At the time, Seiberling couldn’t even have dreamt about heading a large corporation. He originally hired just 13 employees and the transportation of rubber and cotton from distant parts of the world was made difficult by a poorly developed railway infrastructure and a lack of sea access. Nonetheless, the winged foot of Hermes soon began to bring better and better news. In just a few months after Goodyear produced its first bicycle tyre, the business had rapidly become one of the most important in the industry.

Equally successful was Goodyear’s entry into the rapidly developing market for car tyres. In 1907, Seiberling opened a new factory in Detroit which produced, among other products, tyres for Henry Ford’s latest car, the Model T. By the end of the decade, Goodyear’s annual sales had risen to over 4 million dollars and tyres carrying the winged foot symbol were fitted onto one out of every three American cars. The brand could therefore advertise itself without any need for false modesty or pretense: “More people ride on Goodyear tyres than on any other kind.”

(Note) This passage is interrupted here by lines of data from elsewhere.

lemma colour_sum_cycle_of_binsert:
  assumes k: "k \<in> {1..m}"
  shows "colour_sum U (cycle_of U k) mod r = colour_sum u (cycle_of u k) mod r"
proof -
  let ?C = "cycle_of u k"
  have sub: "?C \<subseteq> {1..m}"
    using orb_subset[OF bperm_cperms(2)[OF u] k] by (simp add: cycle_of_eq_orb)
  hence fin: "finite ?C" by (rule finite_subset) simp
  have same: "colour_sum U (?C - {p}) = colour_sum u (?C - {p})"
    unfolding colour_sum_def by (rule sum.cong) (use sub U_unchanged in auto)
  show ?thesis
  proof (cases "p \<in> ?C")
    case False
    hence "colour_sum U ?C = colour_sum u ?C" using same by simp
    thus ?thesis using cycle_of_binsert[OF k] False by simp
  next
    case True
    hence pm: "p \<le> m" using sub by auto
    have "Suc m \<notin> ?C" using sub by auto
    hence "colour_sum U (cycle_of U k) = snd (U ! m) + colour_sum U ?C"
      using cycle_of_binsert[OF k] True fin by (simp add: colour_sum_def)
    also have "colour_sum U ?C = snd (U ! (p - 1)) + colour_sum U (?C - {p})"
      using True fin by (simp add: colour_sum_def sum.remove)
    \<comment> \<open>the new colours \<open>-e\<close> at \<open>p\<close> and \<open>+e\<close> at \<open>Suc m\<close> cancel modulo \<open>r\<close>\<close>
    also have "snd (U ! m) + (snd (U ! (p - 1)) + colour_sum U (?C - {p})) =
        (snd (u ! (p - 1)) + e) mod r + (cneg r e + colour_sum u (?C - {p}))"
      using U_at_top[OF pm] U_at_p same by simp
    finally have "colour_sum U (cycle_of U k) mod r =
        (snd (u ! (p - 1)) + colour_sum u (?C - {p})) mod r"
      using mod_add_cneg_cancel[OF r] by simp
    also have "snd (u ! (p - 1)) + colour_sum u (?C - {p}) = colour_sum u ?C"
      using True fin by (simp add: colour_sum_def sum.remove)
    finally show ?thesis .
  qed
qed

Among its models was the All-Weather Tread - the first anti-skid tyre with a diamond-shaped tread - designed for driving in all types of weather. This was launched onto the market by Goodyear in 1908. In 1917, the company confirmed the all-terrain capabilities of its tyres, when it sent a truck called the Wingfoot Express on a challenging journey from Akron to Boston. This was the first test of its kind in the history of the motor industry.

A Nobel Prize for Flory

One of Goodyear’s older adverts

One of Goodyear’s older adverts

A few years before this, the company had started a new chapter in its history when its engineers developed the first pneumatic tyres for aircraft. This replaced the runners and bicycle tyres that had been used up until this point in the aviation industry. Until the start of the Second World War, Goodyear practically had a monopoly on the production of airships in the United States, although this market collapsed following the infamous Hindenburg disaster. Later on, the company built strikingly-designed airships only for “entertainment” purposes. Today, Goodyear airships (including the Spirit of America, Spirit of Goodyear and Spirit of Innovation) remain an important part of the promotional strategy of the American brand.
Goodyear has always had plenty to promote about itself.

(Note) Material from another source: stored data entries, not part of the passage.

definition visit_lower_bound :: "nat \<Rightarrow> real \<Rightarrow> real" where
  "visit_lower_bound \<tau> p = (\<Sum>k=0..\<tau> div 2. \<Sum>r=0..2*k.
     real ((2*k) choose r) * (1-p)^(2*k-r) * (p/4)^r * real (Wrs r (2*k-r)))"

lemma visits_ge_visit_lower_bound:
  assumes "x \<in> instructions" and "p \<in> {0..1}"
  shows "visit_lower_bound \<tau> p \<le> visits p x \<tau>"
proof -
  have "visit_lower_bound \<tau> p = (\<Sum>k=0..\<tau> div 2.
      \<Sum>r\<le>2*k. real (Wrs r (2*k - r)) / 4 ^ r * pmf (binomial_pmf (2*k) p) r)"
    using assms(2) unfolding visit_lower_bound_def atLeast0AtMost
    by (intro sum.cong refl) (simp add: pmf_binomial power_divide field_simps)
  also have "\<dots> \<le> (\<Sum>k=0..\<tau> div 2. pmf (position_pmf p x (2*k)) 0)"
    by (intro sum_mono pmf_position_pmf_origin_ge assms)
  also have "\<dots> = (\<Sum>t\<in>(*) 2 ` {0..\<tau> div 2}. pmf (position_pmf p x t) 0)"
    by (subst sum.reindex) (auto simp: inj_on_def)
  also have "\<dots> \<le> (\<Sum>t\<le>\<tau>. pmf (position_pmf p x t) 0)"
    by (intro sum_mono2) auto
  also have "\<dots> = visits p x \<tau>"
    by (simp add: visits_eq_sum_pmf_position)
  finally show ?thesis .
qed

definition straight :: "nat \<Rightarrow> pt" where
  "straight t = (int t, 0)"

lemma straight_in_instructions: "straight \<in> instructions"
  by (simp add: instructions_def straight_def psub_def dirs_def)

In 1926, it was the world’s largest producer of tyres and rubber. Already, the company’s products were sold on nearly every continent and its annual turnover had reached $250 million. In 1934, Goodyear presented its first winter studded tyre and, three years later, introduced America’s first tyre made of synthetic rubber. The company’s vigorous growth was not stopped by the outbreak of the Second World War, as the American army needed dinghies, lifejackets and many other accessories made of rubber - this, of course, included tyres.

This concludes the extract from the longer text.